2. Optimize your prompts like you'd optimize a query.
System prompts are paid for on every single request. A system prompt that drifted to 1,500 tokens through iterative additions gets sent with every API call, every time, forever. Audit your system prompts. Cut everything that isn't load-bearing. Instructions that don't change the output don't belong in the prompt.
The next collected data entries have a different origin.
(* Let $\mathbf{s}$ be an automatic sequence for which there is a constant $c$ such that every prefix of $\mathbf{s}$ has a string attractor of size at most $c$. Then the functions $f(n):=\mathrm{maxspan}(\mathbf{s}[0..n-1])$ and $g(n):=\mathrm{minspan}(\mathbf{s}[0..n-1])$ are synchronized: there is a finite automaton recognizing the (parallel, padded) representations of the pairs $(n,f(n))$, and one recognizing the representations of the pairs $(n,g(n))$, in the numeration system of $\mathbf{s}$.
   Context: A numeration system represents each natural number uniquely as a word over a finite alphabet; it is regular if the set of representations is regular and the relation $z=x+y$ is recognizable by a finite automaton reading representations in parallel. A sequence $\mathbf{s}=(s_n)_{n\ge0}$ is automatic if there is a regular numeration system and a finite automaton that on input the representation of $n$ outputs $s_n$. A string attractor of a finite word $w=w[0..n-1]$ is a set $S\subseteq\{0,\ldots,n-1\}$ such that every nonempty factor of $w$ has an occurrence $w[p..q]$ with $p\le i\le q$ for some $i\in S$. The span of a finite set $S=\{i_1<\cdots<i_k\}$ is $i_k-i_1$. For a finite word $x$, $\mathrm{maxspan}(x)$ and $\mathrm{minspan}(x)$ are the maximum and minimum span among all string attractors of $x$ of minimum cardinality. *)

theory Defs
  imports Main
begin

definition regular_lang :: "'a list set \<Rightarrow> bool" where
  "regular_lang L \<longleftrightarrow>
     (\<exists>(Q::nat set) q0 (\<delta>::nat \<Rightarrow> 'a \<Rightarrow> nat) F.
        finite Q \<and> q0 \<in> Q \<and> (\<forall>q\<in>Q. \<forall>a. \<delta> q a \<in> Q) \<and> F \<subseteq> Q \<and>
        L = {w. foldl \<delta> q0 w \<in> F})"

text \<open>Words are read most significant digit first; shorter words are padded on the left
with a padding symbol (None) up to the common length.\<close>

definition padl :: "nat \<Rightarrow> 'd list \<Rightarrow> 'd option list" where
  "padl m u = replicate (m - length u) None @ map Some u"

definition pair_word :: "'d list \<Rightarrow> 'd list \<Rightarrow> ('d option \<times> 'd option) list" where
  "pair_word u v = (let m = max (length u) (length v) in zip (padl m u) (padl m v))"

definition triple_word ::
  "'d list \<Rightarrow> 'd list \<Rightarrow> 'd list \<Rightarrow> ('d option \<times> 'd option \<times> 'd option) list" where
  "triple_word u v w = (let m = max (length u) (max (length v) (length w)) in
      zip (padl m u) (zip (padl m v) (padl m w)))"

text \<open>A numeration system over the finite digit alphabet 'd is a map rep assigning to every
natural number its (unique) representation; uniqueness = injectivity.\<close>

definition regular_numeration :: "(nat \<Rightarrow> 'd::finite list) \<Rightarrow> bool" where
  "regular_numeration rep \<longleftrightarrow>
     inj rep \<and> regular_lang (range rep) \<and>
     regular_lang {triple_word (rep x) (rep y) (rep z) | x y z. z = x + y}"

definition automatic_wrt :: "(nat \<Rightarrow> 'd::finite list) \<Rightarrow> (nat \<Rightarrow> 'b) \<Rightarrow> bool" where
  "automatic_wrt rep s \<longleftrightarrow>
     (\<exists>(Q::nat set) q0 (\<delta>::nat \<Rightarrow> 'd \<Rightarrow> nat) (\<tau>::nat \<Rightarrow> 'b).
        finite Q \<and> q0 \<in> Q \<and> (\<forall>q\<in>Q. \<forall>a. \<delta> q a \<in> Q) \<and>
        (\<forall>n. s n = \<tau> (foldl \<delta> q0 (rep n))))"

definition synchronized :: "(nat \<Rightarrow> 'd::finite list) \<Rightarrow> (nat \<Rightarrow> nat) \<Rightarrow> bool" where
  "synchronized rep f \<longleftrightarrow> regular_lang {pair_word (rep n) (rep (f n)) | n. True}"

definition string_attractor :: "'b list \<Rightarrow> nat set \<Rightarrow> bool" where
  "string_attractor w S \<longleftrightarrow> S \<subseteq> {..<length w} \<and>
     (\<forall>i l. 0 < l \<and> i + l \<le> length w \<longrightarrow>
        (\<exists>p k. k \<in> S \<and> p \<le> k \<and> k < p + l \<and> p + l \<le> length w \<and>
               take l (drop p w) = take l (drop i w)))"

definition gamma :: "'b list \<Rightarrow> nat" where
  "gamma w = (LEAST c. \<exists>S. string_attractor w S \<and> card S = c)"

definition span :: "nat set \<Rightarrow> nat" where
  "span S = (if S = {} then 0 else Max S - Min S)"

definition maxspan :: "'b list \<Rightarrow> nat" where
  "maxspan w = Max {span S | S. string_attractor w S \<and> card S = gamma w}"

definition minspan :: "'b list \<Rightarrow> nat" where
  "minspan w = Min {span S | S. string_attractor w S \<and> card S = gamma w}"

definition prefix_of_seq :: "(nat \<Rightarrow> 'b) \<Rightarrow> nat \<Rightarrow> 'b list" where
  "prefix_of_seq s n = map s [0..<n]"

end

theory Submission
  imports Defs
begin

text \<open>Call a relation on tuples of natural numbers regular if the parallel, left-padded
  representations of its tuples form a regular language. Regular relations include addition and,
  for an automatic \<open>s\<close>, the relations \<open>s x = b\<close>; they are closed under Boolean operations,
  under permuting and identifying coordinates, and under existential quantification (projection).
  Hence every relation first-order definable from them is regular.

  If all prefixes have attractors of size at most \<open>c\<close>, then \<open>\<gamma>(s[0..n-1]) \<le> c\<close>, so
  "\<open>m\<close> is the span of a minimum attractor of \<open>s[0..n-1]\<close>" becomes the finite disjunction over
  \<open>j \<le> c\<close> of "\<open>\<gamma> = j\<close> and some \<open>j\<close> distinct positions form an attractor of span \<open>m\<close>", where
  being an attractor is a first-order property of the positions and \<open>n\<close>. Then \<open>m = maxspan\<close> says
  that \<open>m\<close> is such a span and no such span exceeds \<open>m\<close> (dually for \<open>minspan\<close>), so the
  graphs of both functions are regular relations, i.e. the functions are synchronized.\<close>

section \<open>Closure properties of regular languages\<close>

lemma foldl_closed:
  assumes "\<forall>q\<in>Q. \<forall>a. \<delta> q a \<in> Q" "q \<in> Q"
  shows "foldl \<delta> q w \<in> Q"
  using assms(2) by (induction w arbitrary: q) (auto simp: assms(1))

text \<open>The definition of \<^const>\<open>regular_lang\<close> insists on states in \<^typ>\<open>nat\<close>; this
  introduction rule allows automata over an arbitrary state type.\<close>

lemma regular_langI:
  fixes \<delta> :: "'q \<Rightarrow> 'a \<Rightarrow> 'q"
  assumes fin: "finite Q" and q0: "q0 \<in> Q" and closed: "\<forall>q\<in>Q. \<forall>a. \<delta> q a \<in> Q"
  shows "regular_lang {w. foldl \<delta> q0 w \<in> F}"
proof -
  obtain f :: "'q \<Rightarrow> nat" and n where "f ` Q = {i. i < n}" and inj: "inj_on f Q"
    using finite_imp_inj_to_nat_seg[OF fin] by blast
  define \<delta>' where "\<delta>' i a = f (\<delta> (inv_into Q f i) a)" for i a
  have inv: "inv_into Q f (f q) = q" if "q \<in> Q" for q
    using inj that by simp
  have simulate: "foldl \<delta>' (f q) w = f (foldl \<delta> q w)" if "q \<in> Q" for q w
    using that by (induction w arbitrary: q) (simp_all add: \<delta>'_def inv closed)
  have "foldl \<delta>' (f q0) w \<in> f ` (F \<inter> Q) \<longleftrightarrow> foldl \<delta> q0 w \<in> F" for w
    using simulate[OF q0] foldl_closed[OF closed q0, of w] inj by (auto simp: inj_on_def)
  then have "{w. foldl \<delta> q0 w \<in> F} = {w. foldl \<delta>' (f q0) w \<in> f ` (F \<inter> Q)}"
    by auto
  moreover have "\<forall>q\<in>f ` Q. \<forall>a. \<delta>' q a \<in> f ` Q"
    using closed by (auto simp: \<delta>'_def inv)
  ultimately show ?thesis
    unfolding regular_lang_def using fin q0
    by (intro exI[of _ "f ` Q"] exI[of _ "f q0"] exI[of _ \<delta>'] exI[of _ "f ` (F \<inter> Q)"]) auto
qed

lemma regular_langE:
  assumes "regular_lang L"
  obtains Q q0 and \<delta> :: "nat \<Rightarrow> 'a \<Rightarrow> nat" and F
  where "finite Q" "q0 \<in> Q" "\<forall>q\<in>Q. \<forall>a. \<delta> q a \<in> Q" "L = {w. foldl \<delta> q0 w \<in> F}"
  using assms unfolding regular_lang_def by blast

lemma regular_lang_Compl: "regular_lang L \<Longrightarrow> regular_lang (- L)"
proof (elim regular_langE)
  fix Q q0 F and \<delta> :: "nat \<Rightarrow> 'a \<Rightarrow> nat"
  assume "finite Q" "q0 \<in> Q" "\<forall>q\<in>Q. \<forall>a. \<delta> q a \<in> Q" "L = {w. foldl \<delta> q0 w \<in> F}"
  moreover from this have "- L = {w. foldl \<delta> q0 w \<in> - F}" by auto
  ultimately show ?thesis using regular_langI by metis
qed

lemma foldl_pair:
  "foldl (\<lambda>(p, q) a. (\<delta>1 p a, \<delta>2 q a)) (p, q) w = (foldl \<delta>1 p w, foldl \<delta>2 q w)"
  by (induction w arbitrary: p q) auto

lemma regular_lang_Int:
  assumes "regular_lang L1" "regular_lang L2"
  shows "regular_lang (L1 \<inter> L2)"
proof -
  obtain Q1 q1 F1 and \<delta>1 :: "nat \<Rightarrow> 'a \<Rightarrow> nat"
    where A: "finite Q1" "q1 \<in> Q1" "\<forall>q\<in>Q1. \<forall>a. \<delta>1 q a \<in> Q1" "L1 = {w. foldl \<delta>1 q1 w \<in> F1}"
    using assms(1) by (rule regular_langE)
  obtain Q2 q2 F2 and \<delta>2 :: "nat \<Rightarrow> 'a \<Rightarrow> nat"
    where B: "finite Q2" "q2 \<in> Q2" "\<forall>q\<in>Q2. \<forall>a. \<delta>2 q a \<in> Q2" "L2 = {w. foldl \<delta>2 q2 w \<in> F2}"
    using assms(2) by (rule regular_langE)
  have "regular_lang {w. foldl (\<lambda>(p, q) a. (\<delta>1 p a, \<delta>2 q a)) (q1, q2) w \<in> F1 \<times> F2}"
    by (rule regular_langI[of "Q1 \<times> Q2"]) (use A B in auto)
  then show ?thesis
    unfolding foldl_pair A(4) B(4) by (simp add: Collect_conj_eq)
qed

lemma regular_lang_Diff: "regular_lang L1 \<Longrightarrow> regular_lang L2 \<Longrightarrow> regular_lang (L1 - L2)"
  by (simp add: Diff_eq regular_lang_Compl regular_lang_Int)

lemma regular_lang_lists: "regular_lang (lists A)"
proof -
  have "foldl (\<lambda>q a. q \<and> a \<in> A) q w \<longleftrightarrow> q \<and> w \<in> lists A" for q w
    by (induction w arbitrary: q) auto
  then show ?thesis
    using regular_langI[of UNIV True "\<lambda>q a. q \<and> a \<in> A" "{True}"] by simp
qed

lemma regular_lang_empty: "regular_lang {}"
  using regular_lang_lists[of "{}"] regular_lang_Diff[of "lists {}" "lists {}"] by simp

lemma regular_lang_UNIV: "regular_lang UNIV"
  using regular_lang_lists[of UNIV] by simp

lemma regular_lang_vimage_map:
  assumes "regular_lang L"
  shows "regular_lang {w. map h w \<in> L}"
proof -
  obtain Q q0 F and \<delta> :: "nat \<Rightarrow> 'a \<Rightarrow> nat"
    where A: "finite Q" "q0 \<in> Q" "\<forall>q\<in>Q. \<forall>a. \<delta> q a \<in> Q" "L = {w. foldl \<delta> q0 w \<in> F}"
    using assms by (rule regular_langE)
  have "regular_lang {w. foldl (\<lambda>q b. \<delta> q (h b)) q0 w \<in> F}"
    by (rule regular_langI[of Q]) (use A in auto)
  then show ?thesis
    unfolding A(4) by (simp add: foldl_map)
qed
The same principle applies to context. If you're sending 3,000 tokens of context when 800 relevant tokens would produce the same answer, you're paying for 2,200 tokens of noise on every call.
3. Constrain output length.
Models don't naturally write short answers — they generate until they decide to stop, which usually means more tokens than you needed. Set max_tokens intentionally. A feature that needs a one-paragraph summary should be configured to produce a one-paragraph summary, not a model left to decide how much is enough.
This is not just a cost optimization. Shorter, constrained outputs are often better for the user interface anyway. Verbose AI responses frequently get ignored. Concise ones get read.
4. Use prompt caching for repeated context.
If your system prompt or large context blocks are stable across requests — shared instructions, a reference document, a consistent persona — use prompt caching. Anthropic's API caches prompt prefixes for up to five minutes, charging a fraction of the standard input rate for cache hits. On workloads where the same 2,000-token system prompt is being sent with every request, caching turns that cost from full price to roughly 10% of full price.
For any AI feature with high request volume and a consistent system prompt, this single change can cut the input token cost by 80–90%.
5. Build skills for repeated operations.
Rather than sending the model a broad instruction and hoping it reasons correctly each time, build specific tool definitions for repeated operations. Well-defined tools route the model's output through a predictable structure, which reduces both the complexity of the system prompt and the verbosity of the output. Less ambiguity in the prompt means less token consumption reasoning through it.
6. Implement caching at the application layer.
Some AI responses are stable enough to cache. A career summary, an FAQ response, a boilerplate code snippet — if the same input will produce effectively the same output, store the result and skip the API call entirely. This is basic engineering applied to AI infrastructure. The cheapest token is the one you never send.
What This Means for Engineering Teams
The estimation conversation needs to expand.
When a developer proposes an AI-powered feature, the team needs to ask three cost questions before the sprint starts: What model is this using and why? How many tokens does each request consume? What's the expected request volume at steady state?
Right now, most teams are asking none of these questions. The feature gets built, the model gets chosen by default, the system prompt grows organically, and nobody looks at token usage until the invoice arrives.
The engineers who will be most valuable in AI-integrated organizations aren't just the ones who can prompt models effectively. They're the ones who can design AI features that are both capable and cost-efficient — who understand the cost surface of the tools they're working with and make deliberate tradeoffs rather than defaulting to the most capable model because it was easier than thinking about it.
That's not a different skill from good engineering. It's the same skill applied to a new set of constraints.
A Line Item That Isn't Going Away
AI infrastructure is not going to become free. Model costs will decrease over time, but usage will scale faster — and the organizations that build responsible token management into their engineering culture from the beginning will have a meaningful structural advantage over the ones that treat it as someone else's problem.
Estimation has always been about accountability — knowing what something costs before you commit to it. Tokens are a cost. Treat them like one.